▶ [TASK INSTRUCTIONS]: All lines from the one with "using prob_space_imp_sigma_finite[OF \<open>prob_space" to the end of the material, both included, are to be written out exactly and without anything else.

▶ [EXTRACTED MATERIAL]:
lemma nn_integral_pair_symmetrize:
  fixes D :: "real measure"
  assumes "sigma_finite_measure D" "sets D = sets borel" "distr D borel uminus = D"
    and f: "f \<in> borel_measurable (borel \<Otimes>\<^sub>M borel)"
  shows "(\<integral>\<^sup>+ e. f e + f (prod.swap e) + (f (- e) + f (prod.swap (- e))) \<partial>(D \<Otimes>\<^sub>M D))
    = 4 * integral\<^sup>N (D \<Otimes>\<^sub>M D) f"
proof -
  let ?M = "D \<Otimes>\<^sub>M D"
  have sets_M: "sets ?M = sets (borel \<Otimes>\<^sub>M borel)"
    using \<open>sets D = sets borel\<close> by (intro sets_pair_measure_cong)
  have measurable_M: "measurable ?M = measurable (borel \<Otimes>\<^sub>M borel)"
    by (rule ext measurable_cong_sets[OF sets_M refl])+
  have swap_measurable: "prod.swap \<in> ?M \<rightarrow>\<^sub>M ?M"
    unfolding swap_eq_case_prod by (rule measurable_pair_swap')
  have uminus_measurable: "uminus \<in> ?M \<rightarrow>\<^sub>M ?M"
    unfolding measurable_cong_sets[OF sets_M sets_M] uminus_prod_eq_map_prod map_prod_def
    by measurable
  have uminus_preserving: "distr ?M ?M uminus = ?M"
    by (rule distr_pair_measure_uminus[OF assms(1-3)])
  let ?S = "\<lambda>e. f e + f (prod.swap e)"
  have f_M: "f \<in> borel_measurable ?M"
    using f by (simp add: measurable_M)
  then have "?S \<in> borel_measurable ?M"
    by (intro borel_measurable_add measurable_compose[OF swap_measurable])
  then have "(\<integral>\<^sup>+ e. ?S e + ?S (- e) \<partial>?M) = 2 * integral\<^sup>N ?M ?S"
    by (rule nn_integral_add_measure_preserving[OF uminus_measurable uminus_preserving])
  also have "integral\<^sup>N ?M ?S = 2 * integral\<^sup>N ?M f"
    using swap_measurable distr_pair_measure_swap[OF assms(1)] f_M
    by (rule nn_integral_add_measure_preserving)
  finally show ?thesis
    by (simp add: mult.assoc[symmetric])
qed

theorem proposition2:
  fixes c0 c1 :: real and D :: "real measure" and \<beta>0 \<beta>1 x r :: real
  assumes "c0 \<ge> 0" and "c1 \<ge> 0"
    and "prob_space D" and "sets D = sets borel"
    and "integrable D (\<lambda>e. e)" and "(\<integral>e. e \<partial>D) = 0"
    and "absolutely_continuous lborel D"
    and "distr D borel uminus = D"
    and "x \<in> {0, 1}" and "r \<in> {0, 1}"
  shows "(\<integral>\<^sup>+ e. ennreal ((fhat c0 c1 (\<beta>0 + \<beta>1 * 0 + fst e) (\<beta>0 + \<beta>1 * 1 + snd e) x
                              - (\<beta>0 + \<beta>1 * x))^2) \<partial>(D \<Otimes>\<^sub>M D))
       \<le> (\<integral>\<^sup>+ e. ennreal ((fhat c0 c1 (\<beta>0 + \<beta>1 * 0 + fst e) (\<beta>0 + \<beta>1 * 1 + snd e) r
                              - (\<beta>0 + \<beta>1 * x))^2) \<partial>(D \<Otimes>\<^sub>M D))"
proof -
  let ?L = "\<lambda>z e. ennreal (prediction_loss c0 c1 \<beta>1 z x e)"
  let ?S = "\<lambda>z e. ?L z e + ?L z (prod.swap e) + (?L z (- e) + ?L z (prod.swap (- e)))"
  have symmetrize: "integral\<^sup>N (D \<Otimes>\<^sub>M D) (?S z) = 4 * integral\<^sup>N (D \<Otimes>\<^sub>M D) (?L z)" for z
    using prob_space_imp_sigma_finite[OF \<open>prob_space D\<close>] \<open>sets D = sets borel\<close>
      \<open>distr D borel uminus = D\<close>
    by (rule nn_integral_pair_symmetrize) measurable
  have "integral\<^sup>N (D \<Otimes>\<^sub>M D) (?S x) \<le> integral\<^sup>N (D \<Otimes>\<^sub>M D) (?S r)"
  proof (rule nn_integral_mono)
    fix e :: "real \<times> real"
    show "?S x e \<le> ?S r e"
      using prediction_loss_symmetrized_le[OF \<open>c1 \<ge> 0\<close> \<open>x \<in> {0, 1}\<close> \<open>r \<in> {0, 1}\<close>, of c0 \<beta>1 e]
      by (simp add: prediction_loss_nonneg ennreal_plus[symmetric] del: ennreal_plus)
  qed
  then have "integral\<^sup>N (D \<Otimes>\<^sub>M D) (?L x) \<le> integral\<^sup>N (D \<Otimes>\<^sub>M D) (?L r)"
    unfolding symmetrize by (simp add: ennreal_mult_le_mult_iff)
  then show ?thesis
    unfolding prediction_loss_eq[OF \<open>c0 \<ge> 0\<close> \<open>c1 \<ge> 0\<close>] .
qed

end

▶ [SOLUTION FOR THIS EXERCISE]:
    using prob_space_imp_sigma_finite[OF \<open>prob_space D\<close>] \<open>sets D = sets borel\<close>
      \<open>distr D borel uminus = D\<close>
    by (rule nn_integral_pair_symmetrize) measurable
  have "integral\<^sup>N (D \<Otimes>\<^sub>M D) (?S x) \<le> integral\<^sup>N (D \<Otimes>\<^sub>M D) (?S r)"
  proof (rule nn_integral_mono)
    fix e :: "real \<times> real"
    show "?S x e \<le> ?S r e"
      using prediction_loss_symmetrized_le[OF \<open>c1 \<ge> 0\<close> \<open>x \<in> {0, 1}\<close> \<open>r \<in> {0, 1}\<close>, of c0 \<beta>1 e]
      by (simp add: prediction_loss_nonneg ennreal_plus[symmetric] del: ennreal_plus)
  qed
  then have "integral\<^sup>N (D \<Otimes>\<^sub>M D) (?L x) \<le> integral\<^sup>N (D \<Otimes>\<^sub>M D) (?L r)"
    unfolding symmetrize by (simp add: ennreal_mult_le_mult_iff)
  then show ?thesis
    unfolding prediction_loss_eq[OF \<open>c0 \<ge> 0\<close> \<open>c1 \<ge> 0\<close>] .
qed

end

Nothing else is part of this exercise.